Show the lines below where "each" occurs.

▸ **Input data**:

──────────────────────────────

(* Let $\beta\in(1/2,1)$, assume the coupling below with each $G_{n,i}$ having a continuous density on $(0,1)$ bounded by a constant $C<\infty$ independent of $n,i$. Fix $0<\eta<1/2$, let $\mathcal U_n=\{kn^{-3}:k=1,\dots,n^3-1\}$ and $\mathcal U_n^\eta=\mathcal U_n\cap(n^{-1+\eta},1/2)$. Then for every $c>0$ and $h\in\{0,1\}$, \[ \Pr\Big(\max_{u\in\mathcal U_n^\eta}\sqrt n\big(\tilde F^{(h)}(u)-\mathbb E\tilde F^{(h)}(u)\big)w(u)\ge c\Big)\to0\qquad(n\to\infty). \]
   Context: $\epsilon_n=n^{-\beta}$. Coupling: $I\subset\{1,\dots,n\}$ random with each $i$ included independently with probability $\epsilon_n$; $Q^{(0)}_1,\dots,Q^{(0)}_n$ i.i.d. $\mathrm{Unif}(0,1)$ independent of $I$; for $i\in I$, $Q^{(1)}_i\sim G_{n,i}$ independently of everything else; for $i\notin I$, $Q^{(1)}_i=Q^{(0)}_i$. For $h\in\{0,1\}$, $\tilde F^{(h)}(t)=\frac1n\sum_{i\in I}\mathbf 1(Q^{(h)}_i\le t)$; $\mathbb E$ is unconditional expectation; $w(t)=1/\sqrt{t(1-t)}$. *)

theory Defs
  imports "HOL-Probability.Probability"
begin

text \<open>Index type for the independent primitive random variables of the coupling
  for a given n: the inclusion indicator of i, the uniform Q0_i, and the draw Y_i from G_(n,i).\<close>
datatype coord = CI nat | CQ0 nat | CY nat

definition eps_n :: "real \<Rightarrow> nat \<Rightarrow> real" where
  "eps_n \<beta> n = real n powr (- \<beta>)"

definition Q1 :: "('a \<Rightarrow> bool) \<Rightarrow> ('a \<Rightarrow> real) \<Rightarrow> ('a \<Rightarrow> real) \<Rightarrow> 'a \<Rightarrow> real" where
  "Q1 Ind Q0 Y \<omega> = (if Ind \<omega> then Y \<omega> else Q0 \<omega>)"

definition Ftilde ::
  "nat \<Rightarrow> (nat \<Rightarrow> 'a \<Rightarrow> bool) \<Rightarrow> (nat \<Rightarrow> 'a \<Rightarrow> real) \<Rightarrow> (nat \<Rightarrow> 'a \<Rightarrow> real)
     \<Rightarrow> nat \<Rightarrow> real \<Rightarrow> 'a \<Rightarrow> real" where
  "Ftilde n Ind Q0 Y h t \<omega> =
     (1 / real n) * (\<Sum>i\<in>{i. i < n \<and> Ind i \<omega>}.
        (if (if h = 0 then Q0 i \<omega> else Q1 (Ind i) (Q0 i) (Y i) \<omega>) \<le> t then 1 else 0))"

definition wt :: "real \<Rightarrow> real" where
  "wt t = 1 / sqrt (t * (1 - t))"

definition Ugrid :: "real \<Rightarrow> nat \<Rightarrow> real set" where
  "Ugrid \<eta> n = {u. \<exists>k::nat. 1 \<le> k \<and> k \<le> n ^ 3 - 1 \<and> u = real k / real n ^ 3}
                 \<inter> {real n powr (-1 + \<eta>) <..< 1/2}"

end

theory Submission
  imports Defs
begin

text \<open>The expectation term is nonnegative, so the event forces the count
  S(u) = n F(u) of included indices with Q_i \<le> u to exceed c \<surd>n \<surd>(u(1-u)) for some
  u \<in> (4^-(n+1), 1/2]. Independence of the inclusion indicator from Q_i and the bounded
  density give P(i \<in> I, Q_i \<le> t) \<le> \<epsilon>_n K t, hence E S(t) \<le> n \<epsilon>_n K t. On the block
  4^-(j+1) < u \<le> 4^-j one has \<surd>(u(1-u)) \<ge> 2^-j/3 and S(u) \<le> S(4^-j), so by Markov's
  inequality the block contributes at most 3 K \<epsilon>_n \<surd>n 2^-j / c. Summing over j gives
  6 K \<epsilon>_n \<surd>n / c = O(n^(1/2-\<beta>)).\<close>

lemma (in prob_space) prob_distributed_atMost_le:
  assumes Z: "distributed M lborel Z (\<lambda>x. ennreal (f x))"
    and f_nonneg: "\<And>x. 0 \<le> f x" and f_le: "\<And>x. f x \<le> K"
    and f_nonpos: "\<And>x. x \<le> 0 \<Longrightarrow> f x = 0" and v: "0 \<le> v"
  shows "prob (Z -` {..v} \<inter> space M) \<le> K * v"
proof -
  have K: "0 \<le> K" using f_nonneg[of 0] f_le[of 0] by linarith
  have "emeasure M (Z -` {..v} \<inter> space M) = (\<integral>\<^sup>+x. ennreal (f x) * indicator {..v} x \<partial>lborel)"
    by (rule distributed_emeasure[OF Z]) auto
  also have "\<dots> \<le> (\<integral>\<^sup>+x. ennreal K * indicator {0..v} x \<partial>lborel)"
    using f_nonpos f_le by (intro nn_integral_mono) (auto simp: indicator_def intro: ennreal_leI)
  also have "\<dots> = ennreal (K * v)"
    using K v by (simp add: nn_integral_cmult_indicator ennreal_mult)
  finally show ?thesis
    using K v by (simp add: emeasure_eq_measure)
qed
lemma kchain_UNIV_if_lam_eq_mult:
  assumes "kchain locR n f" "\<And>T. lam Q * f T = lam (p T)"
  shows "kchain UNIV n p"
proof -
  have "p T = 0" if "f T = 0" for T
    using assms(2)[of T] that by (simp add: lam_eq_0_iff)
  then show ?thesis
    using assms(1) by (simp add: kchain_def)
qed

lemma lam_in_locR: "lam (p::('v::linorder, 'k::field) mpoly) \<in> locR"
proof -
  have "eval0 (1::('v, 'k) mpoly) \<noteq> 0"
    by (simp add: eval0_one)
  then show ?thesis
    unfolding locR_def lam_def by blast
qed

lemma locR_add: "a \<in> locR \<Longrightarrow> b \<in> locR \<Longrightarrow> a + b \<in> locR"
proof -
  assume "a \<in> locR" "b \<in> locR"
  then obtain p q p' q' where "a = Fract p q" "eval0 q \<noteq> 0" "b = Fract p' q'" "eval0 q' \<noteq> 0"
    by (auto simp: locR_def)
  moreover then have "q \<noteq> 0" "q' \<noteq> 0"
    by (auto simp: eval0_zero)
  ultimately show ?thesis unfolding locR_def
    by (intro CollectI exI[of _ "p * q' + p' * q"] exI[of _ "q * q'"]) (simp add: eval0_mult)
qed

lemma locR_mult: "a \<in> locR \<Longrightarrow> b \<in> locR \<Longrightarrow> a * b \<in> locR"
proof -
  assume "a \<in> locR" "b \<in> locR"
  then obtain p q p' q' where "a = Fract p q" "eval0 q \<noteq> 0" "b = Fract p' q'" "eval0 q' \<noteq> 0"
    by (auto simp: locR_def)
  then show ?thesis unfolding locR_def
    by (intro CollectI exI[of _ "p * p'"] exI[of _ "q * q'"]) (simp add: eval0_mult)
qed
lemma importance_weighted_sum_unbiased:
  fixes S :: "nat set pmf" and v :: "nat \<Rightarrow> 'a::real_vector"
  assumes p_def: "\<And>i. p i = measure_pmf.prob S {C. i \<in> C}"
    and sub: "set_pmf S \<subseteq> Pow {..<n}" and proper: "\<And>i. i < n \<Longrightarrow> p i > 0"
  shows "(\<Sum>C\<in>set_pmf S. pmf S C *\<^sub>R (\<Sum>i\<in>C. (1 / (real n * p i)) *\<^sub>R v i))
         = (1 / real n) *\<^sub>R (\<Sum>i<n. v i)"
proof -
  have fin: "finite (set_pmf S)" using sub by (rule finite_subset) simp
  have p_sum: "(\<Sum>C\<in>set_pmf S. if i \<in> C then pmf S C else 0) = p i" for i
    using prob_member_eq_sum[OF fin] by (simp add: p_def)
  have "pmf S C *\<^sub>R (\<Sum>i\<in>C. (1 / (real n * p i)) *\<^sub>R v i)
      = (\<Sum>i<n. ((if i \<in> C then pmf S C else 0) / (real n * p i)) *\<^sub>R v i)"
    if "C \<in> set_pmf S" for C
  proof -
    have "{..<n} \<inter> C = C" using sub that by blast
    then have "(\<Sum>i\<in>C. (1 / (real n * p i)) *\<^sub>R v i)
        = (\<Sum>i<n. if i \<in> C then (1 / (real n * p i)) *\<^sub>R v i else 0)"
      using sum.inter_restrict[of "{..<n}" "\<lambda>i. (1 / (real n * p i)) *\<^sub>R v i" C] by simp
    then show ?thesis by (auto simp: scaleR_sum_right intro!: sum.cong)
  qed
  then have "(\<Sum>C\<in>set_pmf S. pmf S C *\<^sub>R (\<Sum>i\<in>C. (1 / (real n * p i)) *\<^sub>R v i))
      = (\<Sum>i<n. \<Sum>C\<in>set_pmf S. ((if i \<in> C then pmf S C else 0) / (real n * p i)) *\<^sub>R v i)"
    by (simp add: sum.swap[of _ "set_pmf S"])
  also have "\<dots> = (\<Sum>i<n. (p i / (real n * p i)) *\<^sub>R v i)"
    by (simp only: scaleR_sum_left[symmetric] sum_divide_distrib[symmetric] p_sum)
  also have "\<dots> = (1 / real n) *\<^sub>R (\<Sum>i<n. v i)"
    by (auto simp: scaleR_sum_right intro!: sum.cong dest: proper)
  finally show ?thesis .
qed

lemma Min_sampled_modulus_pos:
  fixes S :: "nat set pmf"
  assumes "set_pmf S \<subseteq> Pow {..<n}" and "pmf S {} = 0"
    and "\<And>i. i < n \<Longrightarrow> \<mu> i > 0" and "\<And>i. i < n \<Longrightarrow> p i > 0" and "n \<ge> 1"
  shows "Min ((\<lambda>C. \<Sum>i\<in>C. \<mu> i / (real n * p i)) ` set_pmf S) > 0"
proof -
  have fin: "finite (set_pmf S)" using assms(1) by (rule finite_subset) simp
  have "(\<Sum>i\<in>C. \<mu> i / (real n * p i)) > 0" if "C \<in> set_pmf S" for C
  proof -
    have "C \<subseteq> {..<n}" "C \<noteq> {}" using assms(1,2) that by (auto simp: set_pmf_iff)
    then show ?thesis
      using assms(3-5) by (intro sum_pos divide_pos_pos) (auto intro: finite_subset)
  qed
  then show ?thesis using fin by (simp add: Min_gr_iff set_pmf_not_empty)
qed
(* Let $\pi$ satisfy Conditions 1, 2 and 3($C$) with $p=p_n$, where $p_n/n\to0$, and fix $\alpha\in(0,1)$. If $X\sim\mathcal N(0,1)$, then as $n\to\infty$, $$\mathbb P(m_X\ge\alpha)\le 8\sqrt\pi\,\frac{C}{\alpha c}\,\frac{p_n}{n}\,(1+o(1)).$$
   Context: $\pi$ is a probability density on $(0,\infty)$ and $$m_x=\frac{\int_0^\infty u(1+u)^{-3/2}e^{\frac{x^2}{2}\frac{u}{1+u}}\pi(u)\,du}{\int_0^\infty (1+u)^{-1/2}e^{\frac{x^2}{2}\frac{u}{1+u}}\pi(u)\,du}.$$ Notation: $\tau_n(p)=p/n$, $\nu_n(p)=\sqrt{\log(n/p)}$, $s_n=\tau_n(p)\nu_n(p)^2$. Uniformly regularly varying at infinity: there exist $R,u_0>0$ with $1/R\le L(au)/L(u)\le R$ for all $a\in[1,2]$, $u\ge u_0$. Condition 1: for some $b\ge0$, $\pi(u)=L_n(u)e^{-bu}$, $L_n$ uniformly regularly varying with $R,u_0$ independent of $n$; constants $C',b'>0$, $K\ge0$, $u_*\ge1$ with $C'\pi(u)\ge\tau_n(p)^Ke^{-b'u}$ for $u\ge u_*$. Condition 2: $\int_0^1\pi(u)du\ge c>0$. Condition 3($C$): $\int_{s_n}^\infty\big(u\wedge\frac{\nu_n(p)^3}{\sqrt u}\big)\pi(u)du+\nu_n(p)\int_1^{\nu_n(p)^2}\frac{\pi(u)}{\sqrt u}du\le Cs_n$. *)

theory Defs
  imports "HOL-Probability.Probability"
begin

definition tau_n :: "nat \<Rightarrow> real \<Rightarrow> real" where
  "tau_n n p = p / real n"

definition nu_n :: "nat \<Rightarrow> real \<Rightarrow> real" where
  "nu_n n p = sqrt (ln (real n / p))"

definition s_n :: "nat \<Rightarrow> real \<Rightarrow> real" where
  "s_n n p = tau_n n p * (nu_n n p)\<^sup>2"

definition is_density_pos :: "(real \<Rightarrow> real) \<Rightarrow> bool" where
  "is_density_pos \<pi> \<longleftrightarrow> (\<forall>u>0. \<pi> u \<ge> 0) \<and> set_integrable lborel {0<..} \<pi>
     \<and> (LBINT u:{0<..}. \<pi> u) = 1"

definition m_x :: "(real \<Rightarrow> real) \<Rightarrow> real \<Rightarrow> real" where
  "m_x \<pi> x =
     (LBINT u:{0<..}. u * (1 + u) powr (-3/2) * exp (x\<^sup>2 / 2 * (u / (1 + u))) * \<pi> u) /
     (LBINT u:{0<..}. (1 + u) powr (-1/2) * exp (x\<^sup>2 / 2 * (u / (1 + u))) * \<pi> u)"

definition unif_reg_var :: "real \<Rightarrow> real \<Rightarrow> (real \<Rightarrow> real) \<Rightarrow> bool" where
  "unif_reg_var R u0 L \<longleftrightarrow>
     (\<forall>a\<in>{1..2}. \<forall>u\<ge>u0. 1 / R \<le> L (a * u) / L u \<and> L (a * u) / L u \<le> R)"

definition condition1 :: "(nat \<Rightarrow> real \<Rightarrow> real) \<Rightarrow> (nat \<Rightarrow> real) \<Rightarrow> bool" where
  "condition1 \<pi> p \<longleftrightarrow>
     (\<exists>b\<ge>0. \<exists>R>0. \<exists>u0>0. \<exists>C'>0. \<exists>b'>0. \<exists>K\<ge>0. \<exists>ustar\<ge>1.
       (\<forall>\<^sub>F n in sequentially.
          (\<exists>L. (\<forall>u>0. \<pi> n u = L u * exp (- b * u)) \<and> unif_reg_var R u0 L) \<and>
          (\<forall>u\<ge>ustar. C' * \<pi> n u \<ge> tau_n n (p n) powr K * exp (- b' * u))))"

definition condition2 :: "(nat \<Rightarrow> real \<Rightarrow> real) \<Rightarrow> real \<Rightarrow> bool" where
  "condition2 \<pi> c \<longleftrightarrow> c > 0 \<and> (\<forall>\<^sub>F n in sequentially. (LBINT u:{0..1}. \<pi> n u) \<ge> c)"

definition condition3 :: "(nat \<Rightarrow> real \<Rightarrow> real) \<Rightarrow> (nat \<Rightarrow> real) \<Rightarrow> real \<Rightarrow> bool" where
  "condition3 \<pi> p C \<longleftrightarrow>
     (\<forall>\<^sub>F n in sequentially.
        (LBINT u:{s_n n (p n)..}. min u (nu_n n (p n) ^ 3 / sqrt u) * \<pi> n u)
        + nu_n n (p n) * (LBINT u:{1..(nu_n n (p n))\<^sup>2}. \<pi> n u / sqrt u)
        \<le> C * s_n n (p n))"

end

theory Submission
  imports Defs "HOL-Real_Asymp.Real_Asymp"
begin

──────────────────────────────

▸ **Response box**:
(* Let $\beta\in(1/2,1)$, assume the coupling below with each $G_{n,i}$ having a continuous density on $(0,1)$ bounded by a constant $C<\infty$ independent of $n,i$. Fix $0<\eta<1/2$, let $\mathcal U_n=\{kn^{-3}:k=1,\dots,n^3-1\}$ and $\mathcal U_n^\eta=\mathcal U_n\cap(n^{-1+\eta},1/2)$. Then for every $c>0$ and $h\in\{0,1\}$, \[ \Pr\Big(\max_{u\in\mathcal U_n^\eta}\sqrt n\big(\tilde F^{(h)}(u)-\mathbb E\tilde F^{(h)}(u)\big)w(u)\ge c\Big)\to0\qquad(n\to\infty). \]
   Context: $\epsilon_n=n^{-\beta}$. Coupling: $I\subset\{1,\dots,n\}$ random with each $i$ included independently with probability $\epsilon_n$; $Q^{(0)}_1,\dots,Q^{(0)}_n$ i.i.d. $\mathrm{Unif}(0,1)$ independent of $I$; for $i\in I$, $Q^{(1)}_i\sim G_{n,i}$ independently of everything else; for $i\notin I$, $Q^{(1)}_i=Q^{(0)}_i$. For $h\in\{0,1\}$, $\tilde F^{(h)}(t)=\frac1n\sum_{i\in I}\mathbf 1(Q^{(h)}_i\le t)$; $\mathbb E$ is unconditional expectation; $w(t)=1/\sqrt{t(1-t)}$. *)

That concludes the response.